SAN FRANCISCO (KGO) — Lawyers from the Bay Area are in Washington D.C. to argue before the Supreme Court Wednesday in a case challenging a Trump executive order that banks birthright citizenship.
The Bay Area has a deep connection to birthright citizenship. It’s a landmark case that affirmed the right began in San Francisco.
Birthright citizenship seemed to have been settled as a constitutional right for more than 150 years.
In 1868, the 14th Amendment was adopted to grant more rights to freed slaves.
It says all persons born in the U.S. are citizens of the U.S.
MORE: Judge blocks additional citizenship provisions in latest setback to Trump’s election executive order
But on the first day of his second term in office, President Donald Trump signed an executive order to ban birthright citizenship.
Aarti Kohli is the Executive Director of the Asian Law Caucus in San Francisco, one of the organizations challenging the executive order.
“What’s at issue is can the president rewrite the Constitution. And basically we are arguing that birthright citizenship is clearly stated in the 14th Amendment and that the Supreme Court actually already decided this issue in 1898,” Kohli says.
That 1898 case is firmly rooted in the Bay Area.
Wong Kim Ark was born in San Francisco. But when he tried to re-enter the U.S. after a visit to China, his citizenship was questioned because his parents were Chinese immigrants.
“The 14th amendment says all persons born or naturalized in the United States. It says nothing about parents. The word parents is not in the 14th amendment,” Kohli explains.
VIDEO: How SF Chinatown resident’s historical lawsuit established birthright citizenship
The Supreme Court back then agreed. Birthright citizenship was later codified as a statute by Congress.
Wong Kim Ark’s great grandson still lives in the Bay Area. He will rally in front of the Supreme Court Wednesday in favor of birthright citizenship.
“Most Americans in this country owe their citizenship to birthright citizenship. The ones that don’t are the Indigenous people,” says Norman Wong, Wong Kim Ark’s great grandson.

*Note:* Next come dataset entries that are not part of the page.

(* Let $(X,T)$ be a dynamical system and $\mathcal{F}$ a family. (i) If $\mathcal{F}$ is free, then $\omega_{\mathcal{F}}(x)\subset\omega_T(x)$ for every $x\in X$. Moreover, if $(X,T)$ has a nonrecurrent point and $\omega_{\mathcal{F}}(x)\subset\omega_T(x)$ for every $x\in X$, then $\mathcal{F}$ is free. (ii) If $\mathcal{F}$ is free and has the finite intersection property, then it has the strong finite intersection property.
   Context: A dynamical system $(X,T)$: $X$ is a compact metric space with more than one point and without isolated points, $T:X\to X$ a continuous surjection. A family is a collection $\mathcal{F}$ of subsets of $\mathbb{Z}_+$ that is hereditary upward. $\mathcal{F}$ is free if the intersection of all its elements is empty. $\omega_{\mathcal{F}}(x)=\bigcap_{F\in\mathcal{F}}\overline{\{T^ix:i\in F\}}$; $\omega_T(x)=\bigcap_{n\ge1}\overline{\{T^kx:k\ge n\}}$. A point $x$ is recurrent if $x\in\omega_T(x)$. $\mathcal{F}$ has the finite intersection property if every finite subcollection has nonempty intersection, and the strong finite intersection property if every finite subcollection has infinite intersection. *)

theory Defs
  imports "HOL-Analysis.Analysis"
begin

definition dynamical_system :: "'a::metric_space set \<Rightarrow> ('a \<Rightarrow> 'a) \<Rightarrow> bool" where
  "dynamical_system X T \<longleftrightarrow>
     compact X \<and> (\<exists>x\<in>X. \<exists>y\<in>X. x \<noteq> y) \<and> (\<forall>x\<in>X. x islimpt X) \<and>
     continuous_on X T \<and> T ` X = X"

text \<open>A family: a collection of subsets of Z+ (= nat) that is hereditary upward.\<close>
definition family :: "nat set set \<Rightarrow> bool" where
  "family \<F> \<longleftrightarrow> (\<forall>A B. A \<in> \<F> \<longrightarrow> A \<subseteq> B \<longrightarrow> B \<in> \<F>)"

definition free_family :: "nat set set \<Rightarrow> bool" where
  "free_family \<F> \<longleftrightarrow> \<Inter>\<F> = {}"

definition omega_fam :: "'a::metric_space set \<Rightarrow> ('a \<Rightarrow> 'a) \<Rightarrow> nat set set \<Rightarrow> 'a \<Rightarrow> 'a set" where
  "omega_fam X T \<F> x = X \<inter> (\<Inter>F\<in>\<F>. closure {(T ^^ i) x | i. i \<in> F})"

definition omega_T :: "('a::metric_space \<Rightarrow> 'a) \<Rightarrow> 'a \<Rightarrow> 'a set" where
  "omega_T T x = (\<Inter>n\<in>{1..}. closure {(T ^^ k) x | k. k \<ge> n})"

definition recurrent :: "('a::metric_space \<Rightarrow> 'a) \<Rightarrow> 'a \<Rightarrow> bool" where
  "recurrent T x \<longleftrightarrow> x \<in> omega_T T x"

definition fip :: "nat set set \<Rightarrow> bool" where
  "fip \<F> \<longleftrightarrow> (\<forall>\<G>. \<G> \<subseteq> \<F> \<longrightarrow> finite \<G> \<longrightarrow> \<Inter>\<G> \<noteq> {})"

definition strong_fip :: "nat set set \<Rightarrow> bool" where
  "strong_fip \<F> \<longleftrightarrow> (\<forall>\<G>. \<G> \<subseteq> \<F> \<longrightarrow> finite \<G> \<longrightarrow> infinite (\<Inter>\<G>))"

end

theory Submission
  imports Defs
begin

text \<open>(i) If a point y lies in the \<F>-limit set of x but outside the closure of the orbit tail
from time n on, then, since \<F> is upward hereditary, every member of \<F> contains a time j < n
with T^j x = y. Freeness forbids a single such time, so y is hit at two different times;
the orbit of x is then eventually periodic through y, and y lies in every tail after all.
Conversely, a common element i of all members of \<F> puts T^i z into the \<F>-limit set of z,
and by surjectivity every nonrecurrent point has this form.
(ii) Removing from a finite intersection each of its (finitely many) elements by one member of
the free family \<F> yields a finite subfamily with empty intersection.\<close>

lemma funpow_cycle:
  fixes T :: "'a \<Rightarrow> 'a"
  assumes "(T ^^ (a + p)) x = (T ^^ a) x"
  shows "(T ^^ (a + m * p)) x = (T ^^ a) x"
proof (induction m)
  case (Suc m)
  have "(T ^^ (a + Suc m * p)) x = (T ^^ (p + (a + m * p))) x"
    by (simp add: algebra_simps)
  also have "\<dots> = (T ^^ p) ((T ^^ a) x)"
    using Suc by (simp only: funpow_add comp_apply)
  also have "\<dots> = (T ^^ (a + p)) x"
    by (simp only: add.commute[of a p] funpow_add comp_apply)
  finally show ?case using assms by simp
qed simp

lemma repeated_orbit_point_in_tail:
  fixes T :: "'a \<Rightarrow> 'a"
  assumes "(T ^^ a) x = (T ^^ b) x" and "a \<noteq> b"
  shows "(T ^^ a) x \<in> {(T ^^ k) x | k. k \<ge> n}"
proof -
  obtain c d where cd: "c < d" "(T ^^ c) x = (T ^^ d) x" "(T ^^ a) x = (T ^^ c) x"
    using assms by (metis linorder_neqE_nat)
  have "(T ^^ (c + (d - c))) x = (T ^^ c) x"
    using cd(1,2) by simp
  then have "(T ^^ (c + n * (d - c))) x = (T ^^ c) x"
    by (rule funpow_cycle)
  moreover have "n * 1 \<le> n * (d - c)"
    using cd(1) by (intro mult_le_mono2) simp
  then have "n \<le> c + n * (d - c)"
    by linarith
  ultimately show ?thesis
    using cd(3) by (metis (mono_tags, lifting) mem_Collect_eq)
qed

lemma closure_orbit_Un_tail:
  fixes T :: "'a::t1_space \<Rightarrow> 'a"
  assumes "y \<in> closure {(T ^^ i) x | i. i \<in> G \<union> {n..}}"
    and "y \<notin> closure {(T ^^ k) x | k. k \<ge> n}"
  shows "\<exists>j\<in>G. j < n \<and> (T ^^ j) x = y"
proof -
  let ?head = "(\<lambda>i. (T ^^ i) x) ` {i\<in>G. i < n}"
  have "{(T ^^ i) x | i. i \<in> G \<union> {n..}} = ?head \<union> {(T ^^ k) x | k. k \<ge> n}"
    by (auto simp: not_le)
  moreover have "closure ?head = ?head"
    by (simp add: finite_imp_closed)
  ultimately have "y \<in> ?head"
    using assms by simp
  then show ?thesis by auto
qed

lemma omega_fam_subset_omega_T:
  assumes "family \<F>" and "free_family \<F>"
  shows "omega_fam X T \<F> x \<subseteq> omega_T T x"
proof
  fix y assume y: "y \<in> omega_fam X T \<F> x"
  show "y \<in> omega_T T x"
    unfolding omega_T_def
  proof (rule INT_I, rule ccontr)
    fix n :: nat
    assume not_tail: "y \<notin> closure {(T ^^ k) x | k. k \<ge> n}"
    have hit: "\<exists>j\<in>G. j < n \<and> (T ^^ j) x = y" if "G \<in> \<F>" for G
    proof (rule closure_orbit_Un_tail[OF _ not_tail])
      have "G \<union> {n..} \<in> \<F>"
        using \<open>family \<F>\<close> that unfolding family_def by blast
      then show "y \<in> closure {(T ^^ i) x | i. i \<in> G \<union> {n..}}"
        using y unfolding omega_fam_def by blast
    qed
    have no_common: "\<Inter>\<F> = {}"
      using \<open>free_family \<F>\<close> unfolding free_family_def .
    then obtain G where "G \<in> \<F>" by blast
    then obtain j where j: "(T ^^ j) x = y" using hit by blast
    obtain G' where G': "G' \<in> \<F>" "j \<notin> G'" using no_common by blast
    obtain j' where "j' \<in> G'" "(T ^^ j') x = y" using hit[OF G'(1)] by blast
    with G'(2) j have "(T ^^ j') x = (T ^^ j) x" "j' \<noteq> j" by auto
    then have "(T ^^ j') x \<in> {(T ^^ k) x | k. k \<ge> n}"
      by (rule repeated_orbit_point_in_tail)
    then have "y \<in> {(T ^^ k) x | k. k \<ge> n}"
      using \<open>(T ^^ j') x = y\<close> by simp
    with not_tail show False
      using closure_subset[of "{(T ^^ k) x | k. k \<ge> n}"] by blast
  qed
qed

lemma orbit_tail_funpow:
  "{(T ^^ k) ((T ^^ i) z) | k. k \<ge> n} = {(T ^^ k) z | k. k \<ge> n + i}"
proof (intro set_eqI iffI)
  fix w assume "w \<in> {(T ^^ k) ((T ^^ i) z) | k. k \<ge> n}"
  then obtain k where "k \<ge> n" "w = (T ^^ (k + i)) z"
    by (auto simp: funpow_add)
  then show "w \<in> {(T ^^ k) z | k. k \<ge> n + i}"
    by auto
next
  fix w assume "w \<in> {(T ^^ k) z | k. k \<ge> n + i}"
  then obtain k where k: "k \<ge> n + i" "w = (T ^^ k) z" by blast
  then have "w = (T ^^ (k - i + i)) z" by simp
  then have "w = (T ^^ (k - i)) ((T ^^ i) z)"
    by (simp only: funpow_add comp_apply)
  moreover have "n \<le> k - i"
    using k(1) by simp
  ultimately show "w \<in> {(T ^^ k) ((T ^^ i) z) | k. k \<ge> n}"
    by blast
qed

lemma omega_T_subset_omega_T_funpow: "omega_T T z \<subseteq> omega_T T ((T ^^ i) z)"
  unfolding omega_T_def orbit_tail_funpow by auto

lemma funpow_image_eq:
  assumes "T ` X = X"
  shows "(T ^^ n) ` X = X"
proof (induction n)
  case (Suc n)
  have "(T ^^ Suc n) ` X = T ` (T ^^ n) ` X"
    by (simp add: image_comp)
  then show ?case using Suc assms by simp
qed simp

lemma free_if_omega_fam_subset_omega_T:
  assumes "T ` X = X" and "x0 \<in> X" and "\<not> recurrent T x0"
    and subset: "\<forall>x\<in>X. omega_fam X T \<F> x \<subseteq> omega_T T x"
  shows "free_family \<F>"
  unfolding free_family_def
proof (rule ccontr)
  assume "\<Inter>\<F> \<noteq> {}"
  then obtain i where i: "\<forall>F\<in>\<F>. i \<in> F" by auto
  obtain z where z: "z \<in> X" "(T ^^ i) z = x0"
    using funpow_image_eq[OF \<open>T ` X = X\<close>, of i] \<open>x0 \<in> X\<close> by (metis imageE)
  have "x0 \<in> closure {(T ^^ j) z | j. j \<in> F}" if "F \<in> \<F>" for F
  proof (rule closure_subset[THEN subsetD])
    show "x0 \<in> {(T ^^ j) z | j. j \<in> F}"
      using i z(2) that by blast
  qed
  then have "x0 \<in> omega_fam X T \<F> z"
    unfolding omega_fam_def using \<open>x0 \<in> X\<close> by blast
  then have "x0 \<in> omega_T T ((T ^^ i) z)"
    using subset z(1) omega_T_subset_omega_T_funpow by blast
  then show False
    using \<open>\<not> recurrent T x0\<close> z(2) unfolding recurrent_def by simp
qed

lemma strong_fip_if_free_fip:
  assumes "free_family \<F>" and "fip \<F>"
  shows "strong_fip \<F>"
  unfolding strong_fip_def
proof (intro allI impI notI)
  fix \<G> assume \<G>: "\<G> \<subseteq> \<F>" "finite \<G>" and "finite (\<Inter>\<G>)"
  have "\<forall>s. \<exists>F\<in>\<F>. s \<notin> F"
    using \<open>free_family \<F>\<close> unfolding free_family_def by blast
  then obtain avoid where avoid: "\<forall>s. avoid s \<in> \<F> \<and> s \<notin> avoid s"
    by metis
  let ?\<G>' = "\<G> \<union> avoid ` \<Inter>\<G>"
  have "?\<G>' \<subseteq> \<F>" "finite ?\<G>'"
    using \<G> \<open>finite (\<Inter>\<G>)\<close> avoid by auto
  moreover have "\<Inter>?\<G>' = {}"
    using avoid by blast
  ultimately show False
    using \<open>fip \<F>\<close> unfolding fip_def by blast
qed

theorem proposition2p2:
  fixes X :: "'a::metric_space set" and T :: "'a \<Rightarrow> 'a" and \<F> :: "nat set set"
  assumes "dynamical_system X T" and "family \<F>"
  shows "(free_family \<F> \<longrightarrow> (\<forall>x\<in>X. omega_fam X T \<F> x \<subseteq> omega_T T x))
       \<and> (((\<exists>x\<in>X. \<not> recurrent T x) \<and> (\<forall>x\<in>X. omega_fam X T \<F> x \<subseteq> omega_T T x))
            \<longrightarrow> free_family \<F>)
       \<and> (free_family \<F> \<and> fip \<F> \<longrightarrow> strong_fip \<F>)"
proof -
  have "T ` X = X"
    using \<open>dynamical_system X T\<close> unfolding dynamical_system_def by blast
  then show ?thesis
    using omega_fam_subset_omega_T[OF \<open>family \<F>\<close>] free_if_omega_fam_subset_omega_T
      strong_fip_if_free_fip by blast
qed

end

The case Wednesday will be argued by Cecilia Wang, the National Legal Director of the ACLU in California. She’s the daughter of Taiwanese immigrants who were in the U.S. on student visas. She would not have been a U.S. citizen without birthright citizenship.
“That she would be the one to defend that before the current court feels very meaningful and poignant to me,” says Winnie Kao, Asian Law Caucus Senior Counsel, who is part of the legal team challenging the executive order.
She says overturning birthright citizenship would marginalize 250,000 children each year.
MORE: Bay Area citizenship classes see surge in interest as government cuts funding, ICE arrests continue
“Hundreds of thousands of U.S.-born children would be stripped of birthright citizenship, the citizenship of other Americans would be called into question. Whole swaths of U.S. law that are premised on birthright citizenship would need to be re-examined,” Kao says.
The impact would extend beyond immigrants in the country illegally or on visas.
“Right now, you give birth in a hospital, you hopefully can name your child within three days. You sign the piece of paper. And the hospital sends it on to the Social Security Administration. And within a few weeks, you have a social Security number for your baby. And now what the government will have to do is investigate the immigration status of, the parents of the baby. And so you will have to prove that you yourself are a citizen or a green card holder. So just imagine the bureaucratic mess that that’s going to create,” Kohli says.
Like many laws in the U.S., birthright citizenship is based on British common law.
The United Kingdom however, got rid of birthright citizenship in 1983.
However, most countries in the Americas still have birthright citizenship.